Massive Texas School District with 3,000 Cameras Switches Video Management Provider
One massive Texas school district recently upgraded its video surveillance system in an effort to keep up with advancements in Web management platforms.
Austin Independent School District – the nation’s 38th largest school system – has replaced its existing video management system with Video Insight software. Encompassing 230-square miles, Austin ISD has 86,000 students, 11,000 employees, 124 campuses and more than 3,000 video surveillance cameras.
“We were unhappy with the platform that we had invested in and we needed a more practical solution – something that was easy to use,” says Austin ISD Police Department Representative Wayne Russell. “We needed something that didn’t require an incredible amount of CPU processor power that could also serve as a fully-functioning Web client.”
After an exhaustive bid process, Russell found the solution in Video Insight. “Video Insight was the only software solution that worked seamlessly with our existing cameras and it offered a very dependable Web client," Russel says.
A fully functional Web client application was very important to Austin ISD, says Russell, due to the number of employees that tend to move from campus to campus in such a large school system. Russell says prior to the Video Insight implementation his VMS administrator spent a considerable amount of time with user maintenance. “With this number of users a reliable Web client is more economical than installing (and uninstalling) thick VMS clients on each PC, which also overburdens our already taxed VMS administrators,” he says.
The switch to Video Insight has resulted in an improved video management system for Austin ISD in many respects, including: Little to no training for employees; increased video camera image quality; more efficient storage; faster system performance; variety in camera choice and LDAP integration. The 3,000-plus camera system is monitored by the AISD police dispatch 24-hours a day, seven days a week, paying particular attention during peak times to camera feeds in the bus drop off and pick up areas, cafeterias during breakfast and lunch time, playgrounds and in hallways during class changes. Administrators monitor cameras at each school campus, but they report incident to the AISD police who have the sole authority to clip and export video.

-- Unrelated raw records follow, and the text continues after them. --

lemma coeff_off_multiples_if_vdist_less:
  assumes K: "K \<noteq> {}" "K \<subseteq> Vsp" and y: "y \<in> Vsp"
    and \<epsilon>: "\<forall>w\<in>K. \<forall>n\<ge>2. \<exists>j. \<not> n dvd j \<and> \<epsilon> < real j * \<bar>w j\<bar>"
    and dist: "vdist y K < pi * \<epsilon>" and n: "n \<ge> 2"
  shows "\<exists>j. \<not> n dvd j \<and> y j \<noteq> 0"
proof -
  obtain w where "w \<in> K" and w: "vnorm (vsub y w) < pi * \<epsilon>"
    using cInf_lessD[of "(\<lambda>w. vnorm (vsub y w)) ` K"] dist K(1) unfolding vdist_def by blast
  then obtain j where "\<not> n dvd j" and j: "\<epsilon> < real j * \<bar>w j\<bar>"
    using \<epsilon> n by blast
  have "pi * (real j * \<bar>y j - w j\<bar>) \<le> vnorm (vsub y w)"
    using pi_mult_abs_coeff_le_vnorm[OF vsub_in_Vsp[OF y], of w j] \<open>w \<in> K\<close> K(2)
    by (auto simp: vsub_def mult.assoc)
  with w have "pi * (real j * \<bar>y j - w j\<bar>) < pi * \<epsilon>"
    by linarith
  then have "real j * \<bar>y j - w j\<bar> < \<epsilon>"
    by simp
  then have "y j \<noteq> 0"
    using j by auto
  with \<open>\<not> n dvd j\<close> show ?thesis
    by blast
qed

lemma min_period_2pi_vscale_if_vdist_less:
  assumes "K \<noteq> {}" "K \<subseteq> Vsp" and y: "y \<in> Vsp" and "c \<noteq> 0"
    and "\<forall>w\<in>K. \<forall>n\<ge>2. \<exists>j. \<not> n dvd j \<and> \<epsilon> < real j * \<bar>w j\<bar>"
    and "vdist y K < pi * \<epsilon>"
  shows "min_period_2pi (vfun (vscale c y))"
  using coeff_off_multiples_if_vdist_less[of K y \<epsilon>] assms
  by (intro min_period_2pi_vfunI vscale_in_Vsp[OF y]) (auto simp: vscale_def)

theorem lemma4p3:
  fixes q C0 :: real
    and G :: "(nat \<Rightarrow> real) \<Rightarrow> real"
    and DG :: "(nat \<Rightarrow> real) \<Rightarrow> (nat \<Rightarrow> real) \<Rightarrow> real"
    and h :: "real \<Rightarrow> real"
  assumes q: "q > 1"
    and C0: "C0 > 0"
    and G_C1: "vC1 Vsp G DG"
    and DG_compact: "vcompact_map Vsp DG"
    and G_hom: "\<forall>v\<in>Vsp. \<forall>s>0. G (vscale s v) = s powr (q + 1) * G v"
    and m_pos: "msup G q > 0"
    and K0_ne: "K0 G q \<noteq> {}"
    and K0_cpt: "vcompact (K0 G q)"
    and h_lim: "(h \<longlongrightarrow> 0) (at_right 0)"
    and G_Ln: "\<forall>n::nat. n \<ge> 2 \<longrightarrow> (\<forall>v\<in>Vsp. G (Ln n v) > 0 \<longrightarrow> G (Ln n v) < real n powr (q + 1) * G v)"
  shows "\<exists>C9. 0 < C9 \<and> C9 \<le> C0 \<and>
    (\<forall>\<mu> r0 \<alpha> (R :: (nat \<Rightarrow> real) \<Rightarrow> real) (DR :: (nat \<Rightarrow> real) \<Rightarrow> (nat \<Rightarrow> real) \<Rightarrow> real) v.
       let m = msup G q;
           \<Phi> = (\<lambda>w. \<mu> / 2 * (vnorm w)^2 - G w + R w)
       in
       \<mu> > 0 \<longrightarrow> r0 > 0 \<longrightarrow> \<alpha> > 0 \<longrightarrow>
       vC1 (vball r0) R DR \<longrightarrow> vcompact_map (vball r0) DR \<longrightarrow>
       R (\<lambda>_. 0) = 0 \<longrightarrow>
       (\<forall>w\<in>vball r0. \<bar>DR w w\<bar> \<le> \<alpha> * vnorm w powr (q + 1)) \<longrightarrow>
       \<alpha> / m \<le> C9 \<longrightarrow>
       (\<mu> / m) powr (1 / (q - 1)) \<le> C0 * r0 \<longrightarrow>
       v \<in> vball r0 \<longrightarrow>
       vhasderiv (vball r0) \<Phi> v (\<lambda>_. 0) \<longrightarrow>
       (\<exists>y\<in>Vsp. v = vscale ((\<mu> / (m * (q + 1))) powr (1 / (q - 1))) y
                 \<and> vdist y (K0 G q) \<le> h (\<alpha> / m)) \<longrightarrow>
       min_period_2pi (vfun v))"
proof -
  have "vhasderiv Vsp G (\<lambda>_. 0) (DG (\<lambda>_. 0))" "q + 1 \<noteq> 0"
    using G_C1 q by (simp_all add: vC1_def)
  then obtain \<epsilon> where "\<epsilon> > 0" and \<epsilon>: "\<forall>w\<in>K0 G q. \<forall>n\<ge>2. \<exists>j. \<not> n dvd j \<and> \<epsilon> < real j * \<bar>w j\<bar>"
    using K0_uniform_coeff_off_multiples[OF _ G_hom _ m_pos G_Ln K0_cpt] by blast
  obtain d where "d > 0" and d: "\<And>s. 0 < s \<Longrightarrow> s < d \<Longrightarrow> h s < pi * \<epsilon>"
    using order_tendstoD(2)[OF h_lim, of "pi * \<epsilon>"] \<open>\<epsilon> > 0\<close>
    unfolding eventually_at_right_field by auto
  have core: "min_period_2pi (vfun (vscale ((\<mu> / (msup G q * (q + 1))) powr (1 / (q - 1))) y))"
    if "\<mu> > 0" "\<alpha> > 0" "\<alpha> / msup G q \<le> min C0 (d / 2)"
      and "y \<in> Vsp" "vdist y (K0 G q) \<le> h (\<alpha> / msup G q)"
    for \<mu> \<alpha> :: real and y
  proof (rule min_period_2pi_vscale_if_vdist_less[OF K0_ne _ \<open>y \<in> Vsp\<close> _ \<epsilon>])
    show "K0 G q \<subseteq> Vsp"
      by (auto simp: K0_def)
    show "(\<mu> / (msup G q * (q + 1))) powr (1 / (q - 1)) \<noteq> 0"
      using that(1) m_pos q by simp
    have "\<alpha> / msup G q < d"
      using that(3) \<open>d > 0\<close> min.cobounded2[of C0 "d / 2"] by linarith
    then show "vdist y (K0 G q) < pi * \<epsilon>"
      using d[of "\<alpha> / msup G q"] that(2,5) m_pos by simp
  qed
  have "0 < min C0 (d / 2)" "min C0 (d / 2) \<le> C0"
    using C0 \<open>d > 0\<close> by auto
  then show ?thesis
    unfolding Let_def by (blast intro: core)
qed

end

Video Insight Chief Technical Officer James Whitcomb says that Video Insight’s open architecture, ease of use and features that were developed specifically for large systems with multi-campuses and facilities is what makes it best suited for a project like Austin ISD. And because Video Insight software supports more than 1,000 cameras from 60 manufacturers, users have a wide variety of choice when it comes to adding cameras to their system.
“As a result of our work together Austin ISD has better system management, better use of storage, no need for in-depth training,” Whitcomb says. “The best news is that they have reliable video surveillance that adds to – and does not detract – from a district-wide safety program.”